Your instructions
Among the records, which lines include "only"? List them.

Stored items

◆ ◆ ◆ ◆ ◆ ◆ ◆

(* labeled induced copies of (VT,ET) in (V,E): injective maps VT \<rightarrow> V (as extensional
   functions, so that distinct maps are distinct objects) preserving adjacency and non-adjacency *)
definition induced_copies :: "'b set \<Rightarrow> 'b set set \<Rightarrow> 'a set \<Rightarrow> 'a set set \<Rightarrow> ('b \<Rightarrow> 'a) set" where
  "induced_copies VT ET V E = {\<phi> \<in> VT \<rightarrow>\<^sub>E V. inj_on \<phi> VT \<and>
      (\<forall>u\<in>VT. \<forall>v\<in>VT. u \<noteq> v \<longrightarrow> (adj E (\<phi> u) (\<phi> v) \<longleftrightarrow> adj ET u v))}"

end

theory Submission
  imports Defs
begin

(*
  Let delta >= d/K be the minimum degree and M = delta/(4t), and call an induced copy of a
  tree low-codegree if any two of its image vertices have fewer than M common neighbours.
  Double counting s-subsets of the neighbourhood of a vertex y shows, by K_{s,s}-freeness,
  that at most B = (s-1)(8Kt)^s vertices z have codegree(y, z) >= M.

  Build T by adding leaves. If the leaf l hangs at p, a low-codegree copy of T - l extends
  to a low-codegree copy of T by sending l to any neighbour x of the image of p that is not
  an image vertex, not adjacent to another image vertex and of codegree < M with all of them.
  The codegree condition on the copy of T - l is what makes the second requirement cheap:
  the neighbours of the image of p adjacent to another image vertex number at most t M.
  Hence at most t (1 + M + B) <= delta/2 neighbours are excluded, every copy extends in at
  least delta/2 ways, and there are at least n (delta/2)^(t-1) >= n (d/(2K))^(t-1) copies.
*)

lemma adj_commute: "adj E u v \<longleftrightarrow> adj E v u"
  by (simp add: adj_def insert_commute)
lemma cubic_overpartition_nonneg: "0 \<le> cubic_overpartition n"
proof (induction n rule: less_induct)
  case (less n)
  show ?case
  proof (cases "n = 0")
    case True
    then show ?thesis by (simp add: cubic_overpartition_0)
  next
    case False
    have "0 \<le> (\<Sum>i=1..n. of_nat (cubic_sigma i) * cubic_overpartition (n - i))"
      using less False by (intro sum_nonneg) simp
    then have "0 \<le> of_nat n * cubic_overpartition n"
      by (simp only: cubic_overpartition_recurrence)
    with False show ?thesis
      by (simp add: zero_le_mult_iff)
  qed
qed

(* Tables are certified in integer arithmetic, which code_simp evaluates far faster than
   rational arithmetic. *)
lemma map_eq_if_recurrence:
  fixes f :: "nat \<Rightarrow> 'a::field_char_0" and w :: "nat \<Rightarrow> nat" and v :: "int list"
  assumes rec: "\<And>n. of_nat n * f n = (\<Sum>i=1..n. of_nat (w i) * f (n - i))"
    and start: "f 0 = of_int (v ! 0)"
    and weights: "map w [0..<length v] = ws"
    and check: "\<forall>k\<in>{1..<length v}. int k * v ! k = (\<Sum>i=1..k. int (ws ! i) * v ! (k - i))"
  shows "map f [0..<length v] = map of_int v"
proof -
  have "f k = of_int (v ! k)" if "k < length v" for k
    using that
  proof (induction k rule: less_induct)
    case (less k)
    show ?case
    proof (cases "k = 0")
      case True
      with start show ?thesis by simp
    next
      case False
      have "(\<Sum>i=1..k. int (ws ! i) * v ! (k - i)) = int k * v ! k"
        using check less.prems False by simp
      then have "of_nat k * of_int (v ! k) = (of_int (\<Sum>i=1..k. int (ws ! i) * v ! (k - i)) :: 'a)"
        by simp
      also have "\<dots> = (\<Sum>i=1..k. of_nat (ws ! i) * of_int (v ! (k - i)))"
        by simp
      also have "\<dots> = (\<Sum>i=1..k. of_nat (w i) * f (k - i))"
        using less.IH less.prems by (intro sum.cong) (auto simp flip: weights)
      also have "\<dots> = of_nat k * f k"
        by (rule rec[symmetric])
      finally show ?thesis
        using False by simp
    qed
  qed
  then show ?thesis
    by (intro nth_equalityI) auto
qed

definition cubic_overpartition_table :: "int list" where
  "cubic_overpartition_table =
     [1, 2, 6, 12, 26, 48, 92, 160, 282, 470, 784, 1260, 2020, 3152, 4896, 7456, 11290,
      16836, 24962, 36556, 53232, 76736, 110012, 156384, 221156, 310482, 433776, 602200, 832224]"
(* Let $t$ be a positive integer and let $M$ be a matroid with the $(t,2t)$-property. If $M$ has a $t$-echidna $(S_1,\ldots, S_n)$ with $n\geq3t-1$, then $(S_1,\ldots, S_n)$ is also a $t$-coechidna of $M$.
   Context: A matroid $M$ has the $(t,2t)$-property if every $t$-element subset of $E(M)$ is contained in both a $2t$-element circuit and a $2t$-element cocircuit of $M$. A $t$-echidna of order $n$ of $M$ is a partition $(S_1,\ldots,S_n)$ of a subset of $E(M)$ such that $|S_i|=2$ for all $i\in\{1,\dots,n\}$, and $\bigcup_{i\in I}S_i$ is a circuit of $M$ for every $I\subseteq\{1,\dots,n\}$ with $|I|=t$. A $t$-coechidna of $M$ is a $t$-echidna of the dual matroid $M^*$ (i.e. the unions of any $t$ of the $S_i$ are cocircuits of $M$). *)

theory Defs
  imports Main
begin

definition matroid :: "'a set \<Rightarrow> ('a set \<Rightarrow> bool) \<Rightarrow> bool" where
  "matroid E indep \<longleftrightarrow>
     finite E \<and> indep {} \<and>
     (\<forall>X. indep X \<longrightarrow> X \<subseteq> E) \<and>
     (\<forall>X Y. indep Y \<and> X \<subseteq> Y \<longrightarrow> indep X) \<and>
     (\<forall>X Y. indep X \<and> indep Y \<and> card X < card Y \<longrightarrow> (\<exists>y\<in>Y - X. indep (insert y X)))"

definition basis :: "'a set \<Rightarrow> ('a set \<Rightarrow> bool) \<Rightarrow> 'a set \<Rightarrow> bool" where
  "basis E indep B \<longleftrightarrow> B \<subseteq> E \<and> indep B \<and> (\<forall>X. X \<subseteq> E \<and> indep X \<and> B \<subseteq> X \<longrightarrow> X = B)"

definition circuit :: "'a set \<Rightarrow> ('a set \<Rightarrow> bool) \<Rightarrow> 'a set \<Rightarrow> bool" where
  "circuit E indep C \<longleftrightarrow> C \<subseteq> E \<and> \<not> indep C \<and> (\<forall>X. X \<subset> C \<longrightarrow> indep X)"

definition dual_indep :: "'a set \<Rightarrow> ('a set \<Rightarrow> bool) \<Rightarrow> 'a set \<Rightarrow> bool" where
  "dual_indep E indep X \<longleftrightarrow> X \<subseteq> E \<and> (\<exists>B. basis E indep B \<and> X \<inter> B = {})"

definition cocircuit :: "'a set \<Rightarrow> ('a set \<Rightarrow> bool) \<Rightarrow> 'a set \<Rightarrow> bool" where
  "cocircuit E indep D \<longleftrightarrow> circuit E (dual_indep E indep) D"

definition t_2t_property :: "'a set \<Rightarrow> ('a set \<Rightarrow> bool) \<Rightarrow> nat \<Rightarrow> bool" where
  "t_2t_property E indep t \<longleftrightarrow>
     (\<forall>X. X \<subseteq> E \<and> card X = t \<longrightarrow>
        (\<exists>C. circuit E indep C \<and> X \<subseteq> C \<and> card C = 2 * t) \<and>
        (\<exists>D. cocircuit E indep D \<and> X \<subseteq> D \<and> card D = 2 * t))"

definition echidna :: "'a set \<Rightarrow> ('a set \<Rightarrow> bool) \<Rightarrow> nat \<Rightarrow> (nat \<Rightarrow> 'a set) \<Rightarrow> nat \<Rightarrow> bool" where
  "echidna E indep t S n \<longleftrightarrow>
     (\<forall>i<n. S i \<subseteq> E \<and> card (S i) = 2) \<and>
     (\<forall>i<n. \<forall>j<n. i \<noteq> j \<longrightarrow> S i \<inter> S j = {}) \<and>
     (\<forall>I. I \<subseteq> {..<n} \<and> card I = t \<longrightarrow> circuit E indep (\<Union>i\<in>I. S i))"

definition coechidna :: "'a set \<Rightarrow> ('a set \<Rightarrow> bool) \<Rightarrow> nat \<Rightarrow> (nat \<Rightarrow> 'a set) \<Rightarrow> nat \<Rightarrow> bool" where
  "coechidna E indep t S n \<longleftrightarrow> echidna E (dual_indep E indep) t S n"

end

theory Submission
  imports Defs "HOL-Library.Disjoint_Sets"
begin

(* Fix a t-set I of pairs and a transversal X of them. The (t,2t)-property gives a cocircuit
   D of size 2t containing X. If some pair S_i, i in I, met D in a single element, then at most
   2t - 1 further pairs meet D, so n >= 3t - 1 leaves t - 1 pairs disjoint from D; together with
   S_i they form a circuit meeting D in exactly one element, contradicting orthogonality of
   circuits and cocircuits. Hence the union of the pairs in I lies in D, and comparing
   cardinalities it equals D. *)

lemma disjoint_family_on_ex_inj_choice:
  assumes "disjoint_family_on S J" and "\<forall>j\<in>J. S j \<inter> A \<noteq> {}"
  shows "\<exists>f. inj_on f J \<and> (\<forall>j\<in>J. f j \<in> S j \<inter> A)"
proof -
  from assms(2) have "\<forall>j\<in>J. \<exists>x. x \<in> S j \<inter> A" by blast
  then obtain f where f: "\<forall>j\<in>J. f j \<in> S j \<inter> A" by metis
  with assms(1) have "inj_on f J"
    by (fastforce simp: inj_on_def disjoint_family_on_def)
  with f show ?thesis by blast
qed

lemma card_disjoint_family_meeting_le:
  assumes "finite A" and "disjoint_family_on S J" and "\<forall>j\<in>J. S j \<inter> A \<noteq> {}"
  shows "card J \<le> card A"
proof -
  obtain f where "inj_on f J" "\<forall>j\<in>J. f j \<in> S j \<inter> A"
    using disjoint_family_on_ex_inj_choice[OF assms(2,3)] by blast
  then show ?thesis
    using card_inj_on_le[of f J A] assms(1) by blast
qed

context
  fixes E :: "'a set" and indep :: "'a set \<Rightarrow> bool"
  assumes M: "matroid E indep"
begin

lemma matroid_finite: "finite E"
  using M by (simp add: matroid_def)

lemma matroid_indep_subset_ground: "indep X \<Longrightarrow> X \<subseteq> E"
  using M by (simp add: matroid_def)

lemma matroid_indep_subset: "indep Y \<Longrightarrow> X \<subseteq> Y \<Longrightarrow> indep X"
  using M unfolding matroid_def by blast

lemma matroid_augment:
  "indep X \<Longrightarrow> indep Y \<Longrightarrow> card X < card Y \<Longrightarrow> \<exists>y\<in>Y - X. indep (insert y X)"
  using M unfolding matroid_def by blast

lemma cocircuit_finite: "cocircuit E indep D \<Longrightarrow> finite D"
  using matroid_finite finite_subset by (auto simp: cocircuit_def circuit_def)

lemma indep_card_le_basis:
  assumes B: "basis E indep B" and Y: "indep Y"
  shows "card Y \<le> card B"
proof (rule ccontr)
  assume "\<not> card Y \<le> card B"
  moreover have "indep B" using B by (simp add: basis_def)
  ultimately obtain y where y: "y \<in> Y - B" "indep (insert y B)"
    using matroid_augment Y not_le by blast
  moreover have "insert y B \<subseteq> E" using y(2) by (rule matroid_indep_subset_ground)
  ultimately have "insert y B = B" using B unfolding basis_def by blast
  with y show False by blast
qed

lemma basis_if_indep_card_ge:
  assumes B: "basis E indep B" and J: "indep J" and card_J: "card B \<le> card J"
  shows "basis E indep J"
  unfolding basis_def
proof (intro conjI allI impI)
  show "J \<subseteq> E" using J by (rule matroid_indep_subset_ground)
  show "indep J" by (fact J)
  fix X assume X: "X \<subseteq> E \<and> indep X \<and> J \<subseteq> X"
  then have "finite X" using matroid_finite finite_subset by blast
  moreover have "card X \<le> card J"
    using indep_card_le_basis[OF B] X card_J le_trans by blast
  ultimately show "X = J" using X card_seteq by metis
qed

lemma ex_maximal_indep_between:
  assumes I: "indep I" and "I \<subseteq> A"
  obtains J where "indep J" "I \<subseteq> J" "J \<subseteq> A" "\<And>y. y \<in> A - J \<Longrightarrow> \<not> indep (insert y J)"
proof -
  let ?P = "{J. indep J \<and> I \<subseteq> J \<and> J \<subseteq> A}"
  have "?P \<subseteq> Pow E" by (auto dest: matroid_indep_subset_ground)
  then have fin: "finite ?P" by (rule finite_subset) (simp add: matroid_finite)
  have "I \<in> ?P" using I \<open>I \<subseteq> A\<close> by blast
  then have "\<exists>J\<in>?P. I \<subseteq> J \<and> (\<forall>J'\<in>?P. J \<subseteq> J' \<longrightarrow> J = J')"
    by (rule finite_has_maximal2[OF fin])
  then obtain J where J: "J \<in> ?P" and max: "\<forall>J'\<in>?P. J \<subseteq> J' \<longrightarrow> J = J'"
    by (metis (no_types, lifting))
  have "\<not> indep (insert y J)" if "y \<in> A - J" for y
  proof
    assume "indep (insert y J)"
    with J that have "insert y J \<in> ?P" by blast
    with max have "J = insert y J" by blast
    with that show False by blast
  qed
  then show ?thesis using J by (intro that) auto
qed

lemma circuit_Int_cocircuit_neq_singleton:
  assumes C: "circuit E indep C" and D: "cocircuit E indep D"
  shows "C \<inter> D \<noteq> {e}"
proof
  assume e: "C \<inter> D = {e}"
  have D': "D \<subseteq> E" "\<not> dual_indep E indep D" "\<And>X. X \<subset> D \<Longrightarrow> dual_indep E indep X"
    using D by (auto simp: cocircuit_def circuit_def)
  have C': "C \<subseteq> E" "\<not> indep C" "\<And>X. X \<subset> C \<Longrightarrow> indep X"
    using C by (auto simp: circuit_def)
  have "dual_indep E indep (D - {e})" using D'(3) e by blast
  then obtain B where B: "basis E indep B" "(D - {e}) \<inter> B = {}"
    by (auto simp: dual_indep_def)
  have "indep (C - {e})" using C'(3) e by blast
  moreover have "C - {e} \<subseteq> E - D" using C'(1) e by blast
  ultimately obtain J where J: "indep J" "C - {e} \<subseteq> J" "J \<subseteq> E - D"
    and J_max: "\<And>y. y \<in> (E - D) - J \<Longrightarrow> \<not> indep (insert y J)"
    using ex_maximal_indep_between by metis
  \<comment> \<open>B avoids D - {e}, so augmenting J from B can only add e, which would close the circuit C\<close>
  have "card B \<le> card J"
  proof (rule ccontr)
    assume "\<not> card B \<le> card J"
    moreover have "indep B" using B by (simp add: basis_def)
    ultimately obtain y where y: "y \<in> B - J" "indep (insert y J)"
      using matroid_augment J(1) by (meson not_le)
    show False
    proof (cases "y = e")
      case True
      then have "C \<subseteq> insert y J" using J(2) by blast
      then show False using matroid_indep_subset y(2) C'(2) by blast
    next
      case False
      then have "y \<in> (E - D) - J" using y(1) B unfolding basis_def by blast
      then show False using J_max y(2) by blast
    qed
  qed
  then have "basis E indep J" using basis_if_indep_card_ge[OF B(1) J(1)] by blast
  then have "dual_indep E indep D" using J(3) D'(1) unfolding dual_indep_def by blast
  with D'(2) show False ..
qed

end

lemma echidna_pairD: "echidna E indep t S n \<Longrightarrow> i < n \<Longrightarrow> S i \<subseteq> E \<and> card (S i) = 2"
  by (simp add: echidna_def)

lemma echidna_disjoint_family: "echidna E indep t S n \<Longrightarrow> disjoint_family_on S {..<n}"
  by (auto simp: echidna_def disjoint_family_on_def)

lemma echidna_circuitD:
  "echidna E indep t S n \<Longrightarrow> I \<subseteq> {..<n} \<Longrightarrow> card I = t \<Longrightarrow> circuit E indep (\<Union>i\<in>I. S i)"
  unfolding echidna_def by blast

lemma echidna_ex_circuit_Int_eq:
  assumes S: "echidna E indep t S n" and i: "i < n" and "t > 0"
    and "finite D" and room: "card (D - S i) + t \<le> n"
  shows "\<exists>C. circuit E indep C \<and> C \<inter> D = S i \<inter> D"
proof -
  have disj: "disjoint_family_on S {..<n}" using echidna_disjoint_family[OF S] .
  define L where "L = {j \<in> {..<n} - {i}. S j \<inter> D \<noteq> {}}"
  define K where "K = {..<n} - {i} - L"
  have "S j \<inter> D = S j \<inter> (D - S i)" if "j \<in> L" for j
    using disjoint_family_onD[OF disj, of j i] that i by (auto simp: L_def)
  then have "card L \<le> card (D - S i)"
    using card_disjoint_family_meeting_le[of "D - S i" S L] \<open>finite D\<close>
      disjoint_family_on_mono[OF _ disj, of L] by (auto simp: L_def)
  moreover have "card K = (n - 1) - card L"
    unfolding K_def using i by (subst card_Diff_subset) (auto simp: L_def)
  ultimately have "t - 1 \<le> card K" using room by linarith
  then obtain K' where K': "K' \<subseteq> K" "card K' = t - 1"
    using obtain_subset_with_card_n by blast
  have "i \<notin> K'" "finite K'" using K' by (auto simp: K_def intro: finite_subset)
  then have "card (insert i K') = t" using K'(2) \<open>t > 0\<close> by simp
  moreover have "insert i K' \<subseteq> {..<n}" using i K'(1) by (auto simp: K_def)
  ultimately have "circuit E indep (\<Union>j\<in>insert i K'. S j)"
    using echidna_circuitD[OF S] by blast
  moreover have "(\<Union>j\<in>insert i K'. S j) \<inter> D = S i \<inter> D"
    using K'(1) by (auto simp: K_def L_def)
  ultimately show ?thesis by blast
qed

lemma echidna_pair_subset_cocircuit:
  assumes M: "matroid E indep" and S: "echidna E indep t S n"
    and "t > 0" and n: "3 * t - 1 \<le> n"
    and D: "cocircuit E indep D" "card D = 2 * t"
    and i: "i < n" and meets: "S i \<inter> D \<noteq> {}"
  shows "S i \<subseteq> D"
proof (rule ccontr)
  assume not_sub: "\<not> S i \<subseteq> D"
  have "finite D" using cocircuit_finite[OF M D(1)] .
  have card_Si: "card (S i) = 2" using echidna_pairD[OF S i] ..
  then have "finite (S i)" by (simp add: card_ge_0_finite)
  then have "card (S i \<inter> D) < 2"
    using not_sub card_Si by (metis Int_lower1 card_seteq inf.absorb_iff1 linorder_not_less)
  moreover have "card (S i \<inter> D) \<noteq> 0" using meets \<open>finite D\<close> by simp
  ultimately obtain x where x: "S i \<inter> D = {x}"
    by (metis One_nat_def card_1_singletonE less_2_cases)
  have "card (D - S i) = 2 * t - 1"
    using card_Diff_subset_Int[of D "S i"] \<open>finite D\<close> x D(2) by (simp add: Int_commute)
  then have "card (D - S i) + t \<le> n" using n by linarith
  then obtain C where "circuit E indep C" "C \<inter> D = {x}"
    using echidna_ex_circuit_Int_eq[OF S i \<open>t > 0\<close> \<open>finite D\<close>] x by auto
  then show False using circuit_Int_cocircuit_neq_singleton[OF M _ D(1)] by blast
qed

lemma echidna_union_cocircuit:
  assumes M: "matroid E indep" and "t > 0" and P: "t_2t_property E indep t"
    and S: "echidna E indep t S n" and n: "3 * t - 1 \<le> n"
    and I: "I \<subseteq> {..<n}" "card I = t"
  shows "cocircuit E indep (\<Union>i\<in>I. S i)"
proof -
  have pairs: "\<And>i. i \<in> I \<Longrightarrow> S i \<subseteq> E \<and> card (S i) = 2"
    using echidna_pairD[OF S] I(1) by blast
  have disj: "disjoint_family_on S I"
    using disjoint_family_on_mono[OF I(1) echidna_disjoint_family[OF S]] .
  have "\<forall>i\<in>I. S i \<inter> UNIV \<noteq> {}" using pairs by fastforce
  then obtain f where f: "inj_on f I" "\<forall>i\<in>I. f i \<in> S i"
    using disjoint_family_on_ex_inj_choice[OF disj] by blast
  have "f ` I \<subseteq> E" "card (f ` I) = t" using f pairs I(2) by (auto simp: card_image)
  then obtain D where D: "cocircuit E indep D" "f ` I \<subseteq> D" "card D = 2 * t"
    using P by (auto simp: t_2t_property_def)
  have "S i \<subseteq> D" if "i \<in> I" for i
    using echidna_pair_subset_cocircuit[OF M S \<open>t > 0\<close> n D(1,3)] I(1) f D(2) that by blast
  then have sub: "(\<Union>i\<in>I. S i) \<subseteq> D" by blast
  have "card (\<Union>i\<in>I. S i) = (\<Sum>i\<in>I. card (S i))"
    using disj pairs I by (intro card_UN_disjoint') (auto simp: card_ge_0_finite intro: finite_subset)
  also have "\<dots> = card D" using pairs I(2) D(3) by simp
  finally have "(\<Union>i\<in>I. S i) = D"
    using card_seteq[OF cocircuit_finite[OF M D(1)] sub] by simp
  with D(1) show ?thesis by simp
qed

theorem lemma4p3:
  fixes E :: "'a set" and indep :: "'a set \<Rightarrow> bool" and t n :: nat and S :: "nat \<Rightarrow> 'a set"
  assumes "matroid E indep"
    and "t > 0"
    and "t_2t_property E indep t"
    and "echidna E indep t S n"
    and "n \<ge> 3 * t - 1"
  shows "coechidna E indep t S n"
  using echidna_union_cocircuit[OF assms] assms(4)
  by (auto simp: coechidna_def echidna_def cocircuit_def)

end
definition failure_prob :: "nat \<Rightarrow> real \<Rightarrow> real \<Rightarrow> nat \<Rightarrow> real" where
  "failure_prob n p s v0 =
     (\<Sum>E \<in> Pow (all_pairs n). graph_prob n p E *
        bad_within n p s E (nat \<lfloor>omega0 n p powr (3/4)\<rfloor>) {v0})"

end

theory Submission
  imports Defs "HOL-Real_Asymp.Real_Asymp"
begin

text \<open>
  During the first k iterations the mutant set stays within graph distance k of v0, and a
  bad iteration needs a vertex of S0 adjacent to the new mutant set or to the old one. So a
  bad iteration among the first K iterations forces a simple path of length l \<le> K + 1 from v0
  to a vertex of degree at most np/10. The end vertex of a fixed such path has n - l - 1
  potential neighbours off the path, each present independently, so Markov's inequality for
  10^(-deg) bounds the probability of that event by 10^(np/10) p^l (1 - 9p/10)^(n-l-1).
  Summing over the n^l candidate paths gives roughly (np)^(K+2) n^(-2/5), which tends to 0
  because K \<le> \<omega>0^(3/4) \<le> (np)^(3/4) and np = O(log n).
\<close>

section \<open>Transition probabilities of the iteration chain\<close>

lemma step_prob_nonneg: "s > 0 \<Longrightarrow> 0 \<le> step_prob n s E X Y"
  unfolding step_prob_def fit_def
  by (intro sum_nonneg mult_nonneg_nonneg divide_nonneg_nonneg) auto

lemma change_prob_nonneg: "s > 0 \<Longrightarrow> 0 \<le> change_prob n s E X"
  unfolding change_prob_def by (intro sum_nonneg step_prob_nonneg)

lemma jump_prob_nonneg: "s > 0 \<Longrightarrow> 0 \<le> jump_prob n s E X Y"
  unfolding jump_prob_def using step_prob_nonneg change_prob_nonneg by auto

lemma sum_jump_prob_le_1: "(\<Sum>Y\<in>Pow {..<n}. jump_prob n s E X Y) \<le> 1"
proof -
  have "(\<Sum>Y\<in>Pow {..<n}. jump_prob n s E X Y) = (\<Sum>Y\<in>Pow {..<n} - {X}. jump_prob n s E X Y)"
    by (rule sum.mono_neutral_right) (auto simp: jump_prob_def)
  also have "\<dots> = (\<Sum>Y\<in>Pow {..<n} - {X}. step_prob n s E X Y / change_prob n s E X)"
    by (rule sum.cong) (auto simp: jump_prob_def)
  also have "\<dots> = change_prob n s E X / change_prob n s E X"
    unfolding change_prob_def by (simp add: sum_divide_distrib[symmetric])
  also have "\<dots> \<le> 1" by (cases "change_prob n s E X = 0") auto
  finally show ?thesis .
qed

lemma bad_within_between_0_1:
  assumes "s > 0"
  shows "0 \<le> bad_within n p s E k X \<and> bad_within n p s E k X \<le> 1"
proof (induction k arbitrary: X)
  case 0 then show ?case by simp
next
  case (Suc k)
  have jump_nonneg: "0 \<le> jump_prob n s E X Y" for Y using jump_prob_nonneg assms by blast
  have next_bounds: "0 \<le> (if bad_trans n p E X Y then 1 else bad_within n p s E k Y) \<and>
      (if bad_trans n p E X Y then 1 else bad_within n p s E k Y) \<le> (1::real)" for Y
    using Suc.IH by auto
  have "bad_within n p s E (Suc k) X \<le> (\<Sum>Y\<in>Pow {..<n}. jump_prob n s E X Y * 1)"
    by simp (intro sum_mono mult_left_le, use next_bounds jump_nonneg in auto)
  also have "\<dots> \<le> 1" using sum_jump_prob_le_1 by simp
  finally show ?case using jump_nonneg next_bounds by (auto intro!: sum_nonneg)
qed

lemma jump_prob_neq_0_imp_edge_step:
  assumes "jump_prob n s E X Y \<noteq> 0"
  obtains v u where "{v, u} \<in> E" "Y = bd_result X v u"
proof -
  have "step_prob n s E X Y \<noteq> 0" using assms by (auto simp: jump_prob_def split: if_splits)
  then obtain v where "card {u \<in> nbrs E v. bd_result X v u = Y} \<noteq> 0"
    unfolding step_prob_def
    by (metis (no_types, lifting) divide_eq_0_iff mult_eq_0_iff of_nat_0 sum.neutral)
  then have "{u \<in> nbrs E v. bd_result X v u = Y} \<noteq> {}" by (metis card.empty)
  then show ?thesis using that by (auto simp: nbrs_def)
qed

section \<open>Walks, paths and balls\<close>

fun walk_edges :: "nat \<Rightarrow> nat list \<Rightarrow> nat set set" where
  "walk_edges v [] = {}"
| "walk_edges v (x # xs) = insert {v, x} (walk_edges x xs)"

lemma walk_edges_append:
  "walk_edges v (xs @ ys) = walk_edges v xs \<union> walk_edges (last (v # xs)) ys"
  by (induction xs arbitrary: v) auto

lemma walk_edges_subset_vertices: "e \<in> walk_edges v xs \<Longrightarrow> e \<subseteq> set (v # xs)"
  by (induction xs arbitrary: v) auto

lemma finite_walk_edges: "finite (walk_edges v xs)"
  by (induction xs arbitrary: v) auto

lemma card_walk_edges: "distinct (v # xs) \<Longrightarrow> card (walk_edges v xs) = length xs"
proof (induction xs arbitrary: v)
  case Nil then show ?case by simp
next
  case (Cons x xs)
  have "{v, x} \<notin> walk_edges x xs"
    using walk_edges_subset_vertices[of "{v, x}" x xs] Cons.prems by auto
  then show ?case using Cons by (simp add: finite_walk_edges)
qed

text \<open>
  The ball of radius \<open>r\<close> around \<open>v\<close>, described through simple paths since these are what the
  union bound below counts.
\<close>
definition path_ball :: "nat set set \<Rightarrow> nat \<Rightarrow> nat \<Rightarrow> nat set" where
  "path_ball E v r =
     {last (v # xs) | xs. walk_edges v xs \<subseteq> E \<and> distinct (v # xs) \<and> length xs \<le> r}"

◆ ◆ ◆ ◆ ◆ ◆ ◆

Completed exercise
      by (simp only: cubic_overpartition_recurrence)
  \<comment> \<open>B avoids D - {e}, so augmenting J from B can only add e, which would close the circuit C\<close>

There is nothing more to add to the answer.